The king of the deal arrived home yesterday and proudly called to me, ‘I got you a present!’
I proceeded to the foot of the staircase with caution. I can smell a counterfeit offering like cheap cologne and his one smelled like a thirteen year old at his first make out party. When I descended he opened a large non-descript cardboard box and proudly brandished a box of cereal at me.
‘What the hell is that? We don’t eat that stuff,’ I said.
‘It’s for the baby!’ he delightedly replied.
I could tell that he knew this plan was flawed, nay busted, before he began. I picked up one of the twelve jumbo boxes and read the ingredients. To summarize, they were as follows: sugar, salt and chemicals…amen.

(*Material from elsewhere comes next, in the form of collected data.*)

definition binomz :: "int \<Rightarrow> int \<Rightarrow> int" where
  "binomz a b = (if 0 \<le> b \<and> b \<le> a then int (nat a choose nat b) else 0)"

text \<open>Eigenvalue lambda_j of J(2k,k,i).\<close>
definition jlambda :: "nat \<Rightarrow> nat \<Rightarrow> nat \<Rightarrow> int" where
  "jlambda k i j = (\<Sum>l = 0..k - i. (-1) ^ l * binomz (int j) (int l)
       * (binomz (int k - int j) (int i - int j + int l))^2)"

end

theory Submission
  imports Defs
begin

text \<open>
  Expanding the factor binom(k - j, i - j + l) by Vandermonde's identity and evaluating the
  resulting alternating sums rewrites the eigenvalue as
  lambda_x = (-1)^(k-i) sum_j (-1)^j binom(k-j, i) binom(2j, j) binom(k-x+j, 2j).
  In lambda_(k-i-1) - lambda_(k-i+1) the term j = 0 vanishes and the term j = 1 is
  -2 (2i+1) binom(k-1, i), which is 2 modulo 4. Every term with j >= 2 is divisible by 4:
  binom(2j, j) = 2 binom(2j-1, j-1) is divisible by 4 unless j is a power of two, and for
  j = 2^r Lucas' theorem modulo 2 shows that either binom(k-j, i) is even or
  binom(i+j+1, 2j) and binom(i+j-1, 2j) have the same parity. Lucas' theorem also forces i
  to be even, since binom(k-1, i) is odd and k - 1 is even.
\<close>

subsection \<open>Binomial identities\<close>

lemma sum_triangle_swap:
  fixes g :: "nat \<Rightarrow> nat \<Rightarrow> 'a::comm_monoid_add"
  shows "(\<Sum>j\<le>d. \<Sum>l\<le>d - j. g j l) = (\<Sum>l\<le>d. \<Sum>j\<le>d - l. g j l)"
proof -
  have "{..d - j} = {l. l \<in> {..d} \<and> j + l \<le> d}" if "j \<le> d" for j
    using that by auto
  moreover have "{..d - l} = {j. j \<in> {..d} \<and> j + l \<le> d}" if "l \<le> d" for l
    using that by auto
  ultimately show ?thesis
    using sum.swap_restrict[of "{..d}" "{..d}" g "\<lambda>j l. j + l \<le> d"] by simp
qed

lemma alternating_sum_choose_Suc:
  fixes f :: "nat \<Rightarrow> 'a::comm_ring_1"
  shows "(\<Sum>j\<le>Suc p. (-1)^j * of_nat (Suc p choose j) * f j)
       = (\<Sum>j\<le>p. (-1)^j * of_nat (p choose j) * f j) - (\<Sum>j\<le>p. (-1)^j * of_nat (p choose j) * f (Suc j))"
proof -
  have "(\<Sum>j\<le>Suc p. (-1)^j * of_nat (Suc p choose j) * f j)
      = (\<Sum>j\<le>Suc p. (-1)^j * of_nat (p choose j) * f j)
        + (\<Sum>j\<le>Suc p. if j = 0 then 0 else (-1)^j * of_nat (p choose (j - 1)) * f j)"
    by (subst sum.distrib[symmetric], rule sum.cong) (auto simp: choose_reduce_nat algebra_simps)
  also have "(\<Sum>j\<le>Suc p. (-1)^j * of_nat (p choose j) * f j) = (\<Sum>j\<le>p. (-1)^j * of_nat (p choose j) * f j)"
    by (simp add: sum.atMost_Suc binomial_eq_0)
  also have "(\<Sum>j\<le>Suc p. if j = 0 then 0 else (-1)^j * of_nat (p choose (j - 1)) * f j)
      = - (\<Sum>j\<le>p. (-1)^j * of_nat (p choose j) * f (Suc j))"
    by (subst sum.atMost_Suc_shift) (simp add: sum_negf)
  finally show ?thesis by simp
qed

Now, I’m not raising a vegan here. The baby's already had some pre-packaged crap at grandma’s. I mean, it was ‘organic’, pre-packaged crap but still. It’s terrifying that vegetables could be poison to my kid. You think I’m going to give him no-name oaty-o’s because they were cheap?
Both grandmothers are waiting for me to break on this one. I’m confident that one of them is quietly filling a warehouse in some industrial park with goodies.
When I do drop the flag on sugar it will be by phone…when the baby is staying with Grandma.
Oh, the husband returned the cereal.
Oh, the husband returned the cereal.